- **Your task**:
Word for word, set down every record that appears below.

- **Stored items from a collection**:
lemma comp_coset_rep_inj:
  assumes w: "w permutes {1..n}" and v: "v permutes {1..n}" and km: "k \<in> {1..Suc n}" "m \<in> {1..Suc n}"
    and eq: "w \<circ> coset_rep (Suc n) k = v \<circ> coset_rep (Suc n) m"
  shows "w = v \<and> k = m"
proof -
  have "v (coset_rep (Suc n) m k) = Suc n"
    using fun_cong[OF eq, of k] coset_rep_apply[of k "Suc n" k] km permutes_not_in[OF w] by simp
  then have "coset_rep (Suc n) m k = Suc n"
    using permutes_in_image[OF v, of "coset_rep (Suc n) m k"] permutes_not_in[OF v]
    by (cases "coset_rep (Suc n) m k \<in> {1..n}") auto
  then have "k = m" using coset_rep_apply[of m "Suc n" k] km by (auto split: if_splits)
  moreover have "w = v"
  proof
    fix x
    have d: "coset_rep (Suc n) k permutes {1..Suc n}" using km by (intro coset_rep_permutes) auto
    have "w (coset_rep (Suc n) k (inv (coset_rep (Suc n) k) x)) =
        v (coset_rep (Suc n) k (inv (coset_rep (Suc n) k) x))"
      using eq \<open>k = m\<close> by (simp add: fun_eq_iff)
    then show "w x = v x" using permutes_inverses(1)[OF d] by simp
  qed
  ultimately show ?thesis by simp
qed

lemma bij_betw_comp_coset_rep:
  "bij_betw (\<lambda>(w, k). w \<circ> coset_rep (Suc n) k)
     ({w. w permutes {1..n}} \<times> {1..Suc n}) {w. w permutes {1..Suc n}}"
proof -
  let ?h = "\<lambda>(w, k). w \<circ> coset_rep (Suc n) k" and ?A = "{w. w permutes {1..n}} \<times> {1..Suc n}"
  have inj: "inj_on ?h ?A"
  proof (rule inj_onI)
    fix p p' assume p: "p \<in> ?A" "p' \<in> ?A" and eq: "?h p = ?h p'"
    obtain w k v m where "p = (w, k)" "p' = (v, m)" by (cases p, cases p')
    then show "p = p'" using comp_coset_rep_inj[of w n v k m] p eq by auto
  qed
  have sub: "?h ` ?A \<subseteq> {w. w permutes {1..Suc n}}"
  proof clarify
    fix w k assume "w permutes {1..n}" "k \<in> {1..Suc n}"
    then have "w permutes {1..Suc n}" "1 \<le> k" using permutes_subset[of w "{1..n}"] by auto
    then show "w \<circ> coset_rep (Suc n) k permutes {1..Suc n}"
      using permutes_compose[OF coset_rep_permutes] by simp
  qed
  have "card (?h ` ?A) = card {w. w permutes {1..Suc n}}"
    using card_image[OF inj] card_permutations[of "{1..n}" n]
      card_permutations[of "{1..Suc n}" "Suc n"]
    by (simp add: card_cartesian_product)
  then have "?h ` ?A = {w. w permutes {1..Suc n}}"
    using card_subset_eq[OF _ sub] finite_permutations[of "{1..Suc n}"] by simp
  with inj show ?thesis by (simp add: bij_betw_def)
qed

lemma sum_permutes_Suc:
  fixes F :: "(nat \<Rightarrow> nat) \<Rightarrow> 'a::comm_monoid_add"
  shows "(\<Sum>w | w permutes {1..Suc n}. F w) =
     (\<Sum>w | w permutes {1..n}. \<Sum>k = 1..Suc n. F (w \<circ> coset_rep (Suc n) k))"
proof -
  have "(\<Sum>w | w permutes {1..Suc n}. F w)
      = (\<Sum>(w, k) \<in> {w. w permutes {1..n}} \<times> {1..Suc n}. F (w \<circ> coset_rep (Suc n) k))"
    using sum.reindex_bij_betw[OF bij_betw_comp_coset_rep, of F n] by (simp add: case_prod_beta)
  then show ?thesis by (simp only: sum.cartesian_product)
qed

lemma braid_relations_Suc_D: "braid_relations (Suc n) T \<Longrightarrow> braid_relations n T"
  unfolding braid_relations_def by auto

definition descending_prod :: "(nat \<Rightarrow> 'a::monoid_mult) \<Rightarrow> nat \<Rightarrow> nat \<Rightarrow> 'a" where
  "descending_prod T m k = prod_list (map T (rev [k..<m]))"

lemma Tw_comp_coset_rep:
  assumes br: "braid_relations (Suc n) T" and w: "w permutes {1..n}" and k: "1 \<le> k" "k \<le> Suc n"
  shows "Tw (Suc n) T (w \<circ> coset_rep (Suc n) k) = Tw n T w * descending_prod T (Suc n) k"
proof -
  obtain ws where ws: "reduced_word n w ws" using reduced_word_exists[OF w] by blast
  then have "reduced_word (Suc n) (w \<circ> coset_rep (Suc n) k) (ws @ rev [k..<Suc n])"
    using k perm_length_comp_coset_rep[OF w k]
    by (auto simp: reduced_word_iff word_perm_append coset_rep_def)
  then show ?thesis
    using Tw_eq_prod_list[OF br] Tw_eq_prod_list[OF braid_relations_Suc_D[OF br] ws]
    by (simp add: descending_prod_def)
qed

definition weighted_sym :: "nat \<Rightarrow> 'a::ring_1 \<Rightarrow> (nat \<Rightarrow> 'a) \<Rightarrow> 'a" where
  "weighted_sym r b T = (\<Sum>w | w permutes {1..r}. b ^ perm_length r w * Tw r T w)"

lemma x_sym_eq_weighted_sym: "x_sym r T = weighted_sym r 1 T"
  by (simp add: x_sym_def weighted_sym_def)

lemma y_sym_eq_weighted_sym: "y_sym r qinv T = weighted_sym r (- qinv) T"
  by (simp add: y_sym_def weighted_sym_def)

lemma weighted_sym_0 [simp]: "weighted_sym 0 b T = 1"
proof -
  have "{w. w permutes {1..0::nat}} = {id}" by auto
  moreover have "reduced_word 0 id []" by (simp add: reduced_word_iff)
  ultimately show ?thesis
    using Tw_eq_prod_list[of 0 T id "[]"] by (simp add: weighted_sym_def braid_relations_def)
qed

lemma weighted_sym_Suc:
  fixes T :: "nat \<Rightarrow> 'a::ring_1"
  assumes br: "braid_relations (Suc n) T" and central: "\<And>x. b * x = x * b"
  shows "weighted_sym (Suc n) b T =
    weighted_sym n b T * (\<Sum>k = 1..Suc n. b ^ (Suc n - k) * descending_prod T (Suc n) k)"
proof -
  have "b ^ perm_length (Suc n) (w \<circ> coset_rep (Suc n) k) * Tw (Suc n) T (w \<circ> coset_rep (Suc n) k)
      = (b ^ perm_length n w * Tw n T w) * (b ^ (Suc n - k) * descending_prod T (Suc n) k)"
    if "w permutes {1..n}" "k \<in> {1..Suc n}" for w k
  proof -
    have k: "1 \<le> k" "k \<le> Suc n" using that(2) by auto
    have "b ^ perm_length (Suc n) (w \<circ> coset_rep (Suc n) k) * Tw (Suc n) T (w \<circ> coset_rep (Suc n) k)
        = b ^ perm_length n w * (b ^ (Suc n - k) * Tw n T w) * descending_prod T (Suc n) k"
      by (simp only: perm_length_comp_coset_rep[OF that(1) k] Tw_comp_coset_rep[OF br that(1) k]
          power_add mult.assoc)
    also have "b ^ (Suc n - k) * Tw n T w = Tw n T w * b ^ (Suc n - k)"
      using central by (metis power_commuting_commutes)
    finally show ?thesis by (simp only: mult.assoc)
  qed
  then have "weighted_sym (Suc n) b T = (\<Sum>w | w permutes {1..n}. \<Sum>k = 1..Suc n.
      (b ^ perm_length n w * Tw n T w) * (b ^ (Suc n - k) * descending_prod T (Suc n) k))"
    unfolding weighted_sym_def sum_permutes_Suc by (intro sum.cong refl) auto
  then show ?thesis
    unfolding weighted_sym_def sum_distrib_right by (simp only: sum_distrib_left)
qed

- **Exercise solution**:
lemma comp_coset_rep_inj:
  assumes w: "w permutes {1..n}" and v: "v permutes {1..n}" and km: "k \<in> {1..Suc n}" "m \<in> {1..Suc n}"
    and eq: "w \<circ> coset_rep (Suc n) k = v \<circ> coset_rep (Suc n) m"
  shows "w = v \<and> k = m"
proof -
  have "v (coset_rep (Suc n) m k) = Suc n"
    using fun_cong[OF eq, of k] coset_rep_apply[of k "Suc n" k] km permutes_not_in[OF w] by simp
  then have "coset_rep (Suc n) m k = Suc n"
    using permutes_in_image[OF v, of "coset_rep (Suc n) m k"] permutes_not_in[OF v]
    by (cases "coset_rep (Suc n) m k \<in> {1..n}") auto
  then have "k = m" using coset_rep_apply[of m "Suc n" k] km by (auto split: if_splits)
  moreover have "w = v"
  proof
    fix x
    have d: "coset_rep (Suc n) k permutes {1..Suc n}" using km by (intro coset_rep_permutes) auto
    have "w (coset_rep (Suc n) k (inv (coset_rep (Suc n) k) x)) =
        v (coset_rep (Suc n) k (inv (coset_rep (Suc n) k) x))"
      using eq \<open>k = m\<close> by (simp add: fun_eq_iff)
    then show "w x = v x" using permutes_inverses(1)[OF d] by simp
  qed
  ultimately show ?thesis by simp
qed

lemma bij_betw_comp_coset_rep:
  "bij_betw (\<lambda>(w, k). w \<circ> coset_rep (Suc n) k)
     ({w. w permutes {1..n}} \<times> {1..Suc n}) {w. w permutes {1..Suc n}}"
proof -
  let ?h = "\<lambda>(w, k). w \<circ> coset_rep (Suc n) k" and ?A = "{w. w permutes {1..n}} \<times> {1..Suc n}"
  have inj: "inj_on ?h ?A"
  proof (rule inj_onI)
    fix p p' assume p: "p \<in> ?A" "p' \<in> ?A" and eq: "?h p = ?h p'"
    obtain w k v m where "p = (w, k)" "p' = (v, m)" by (cases p, cases p')
    then show "p = p'" using comp_coset_rep_inj[of w n v k m] p eq by auto
  qed
  have sub: "?h ` ?A \<subseteq> {w. w permutes {1..Suc n}}"
  proof clarify
    fix w k assume "w permutes {1..n}" "k \<in> {1..Suc n}"
    then have "w permutes {1..Suc n}" "1 \<le> k" using permutes_subset[of w "{1..n}"] by auto
    then show "w \<circ> coset_rep (Suc n) k permutes {1..Suc n}"
      using permutes_compose[OF coset_rep_permutes] by simp
  qed
  have "card (?h ` ?A) = card {w. w permutes {1..Suc n}}"
    using card_image[OF inj] card_permutations[of "{1..n}" n]
      card_permutations[of "{1..Suc n}" "Suc n"]
    by (simp add: card_cartesian_product)
  then have "?h ` ?A = {w. w permutes {1..Suc n}}"
    using card_subset_eq[OF _ sub] finite_permutations[of "{1..Suc n}"] by simp
  with inj show ?thesis by (simp add: bij_betw_def)
qed

lemma sum_permutes_Suc:
  fixes F :: "(nat \<Rightarrow> nat) \<Rightarrow> 'a::comm_monoid_add"
  shows "(\<Sum>w | w permutes {1..Suc n}. F w) =
     (\<Sum>w | w permutes {1..n}. \<Sum>k = 1..Suc n. F (w \<circ> coset_rep (Suc n) k))"
proof -
  have "(\<Sum>w | w permutes {1..Suc n}. F w)
      = (\<Sum>(w, k) \<in> {w. w permutes {1..n}} \<times> {1..Suc n}. F (w \<circ> coset_rep (Suc n) k))"
    using sum.reindex_bij_betw[OF bij_betw_comp_coset_rep, of F n] by (simp add: case_prod_beta)
  then show ?thesis by (simp only: sum.cartesian_product)
qed

lemma braid_relations_Suc_D: "braid_relations (Suc n) T \<Longrightarrow> braid_relations n T"
  unfolding braid_relations_def by auto

definition descending_prod :: "(nat \<Rightarrow> 'a::monoid_mult) \<Rightarrow> nat \<Rightarrow> nat \<Rightarrow> 'a" where
  "descending_prod T m k = prod_list (map T (rev [k..<m]))"

lemma Tw_comp_coset_rep:
  assumes br: "braid_relations (Suc n) T" and w: "w permutes {1..n}" and k: "1 \<le> k" "k \<le> Suc n"
  shows "Tw (Suc n) T (w \<circ> coset_rep (Suc n) k) = Tw n T w * descending_prod T (Suc n) k"
proof -
  obtain ws where ws: "reduced_word n w ws" using reduced_word_exists[OF w] by blast
  then have "reduced_word (Suc n) (w \<circ> coset_rep (Suc n) k) (ws @ rev [k..<Suc n])"
    using k perm_length_comp_coset_rep[OF w k]
    by (auto simp: reduced_word_iff word_perm_append coset_rep_def)
  then show ?thesis
    using Tw_eq_prod_list[OF br] Tw_eq_prod_list[OF braid_relations_Suc_D[OF br] ws]
    by (simp add: descending_prod_def)
qed

definition weighted_sym :: "nat \<Rightarrow> 'a::ring_1 \<Rightarrow> (nat \<Rightarrow> 'a) \<Rightarrow> 'a" where
  "weighted_sym r b T = (\<Sum>w | w permutes {1..r}. b ^ perm_length r w * Tw r T w)"

lemma x_sym_eq_weighted_sym: "x_sym r T = weighted_sym r 1 T"
  by (simp add: x_sym_def weighted_sym_def)

lemma y_sym_eq_weighted_sym: "y_sym r qinv T = weighted_sym r (- qinv) T"
  by (simp add: y_sym_def weighted_sym_def)

lemma weighted_sym_0 [simp]: "weighted_sym 0 b T = 1"
proof -
  have "{w. w permutes {1..0::nat}} = {id}" by auto
  moreover have "reduced_word 0 id []" by (simp add: reduced_word_iff)
  ultimately show ?thesis
    using Tw_eq_prod_list[of 0 T id "[]"] by (simp add: weighted_sym_def braid_relations_def)
qed

lemma weighted_sym_Suc:
  fixes T :: "nat \<Rightarrow> 'a::ring_1"
  assumes br: "braid_relations (Suc n) T" and central: "\<And>x. b * x = x * b"
  shows "weighted_sym (Suc n) b T =
    weighted_sym n b T * (\<Sum>k = 1..Suc n. b ^ (Suc n - k) * descending_prod T (Suc n) k)"
proof -
  have "b ^ perm_length (Suc n) (w \<circ> coset_rep (Suc n) k) * Tw (Suc n) T (w \<circ> coset_rep (Suc n) k)
      = (b ^ perm_length n w * Tw n T w) * (b ^ (Suc n - k) * descending_prod T (Suc n) k)"
    if "w permutes {1..n}" "k \<in> {1..Suc n}" for w k
  proof -
    have k: "1 \<le> k" "k \<le> Suc n" using that(2) by auto
    have "b ^ perm_length (Suc n) (w \<circ> coset_rep (Suc n) k) * Tw (Suc n) T (w \<circ> coset_rep (Suc n) k)
        = b ^ perm_length n w * (b ^ (Suc n - k) * Tw n T w) * descending_prod T (Suc n) k"
      by (simp only: perm_length_comp_coset_rep[OF that(1) k] Tw_comp_coset_rep[OF br that(1) k]
          power_add mult.assoc)
    also have "b ^ (Suc n - k) * Tw n T w = Tw n T w * b ^ (Suc n - k)"
      using central by (metis power_commuting_commutes)
    finally show ?thesis by (simp only: mult.assoc)
  qed
  then have "weighted_sym (Suc n) b T = (\<Sum>w | w permutes {1..n}. \<Sum>k = 1..Suc n.
      (b ^ perm_length n w * Tw n T w) * (b ^ (Suc n - k) * descending_prod T (Suc n) k))"
    unfolding weighted_sym_def sum_permutes_Suc by (intro sum.cong refl) auto
  then show ?thesis
    unfolding weighted_sym_def sum_distrib_right by (simp only: sum_distrib_left)
qed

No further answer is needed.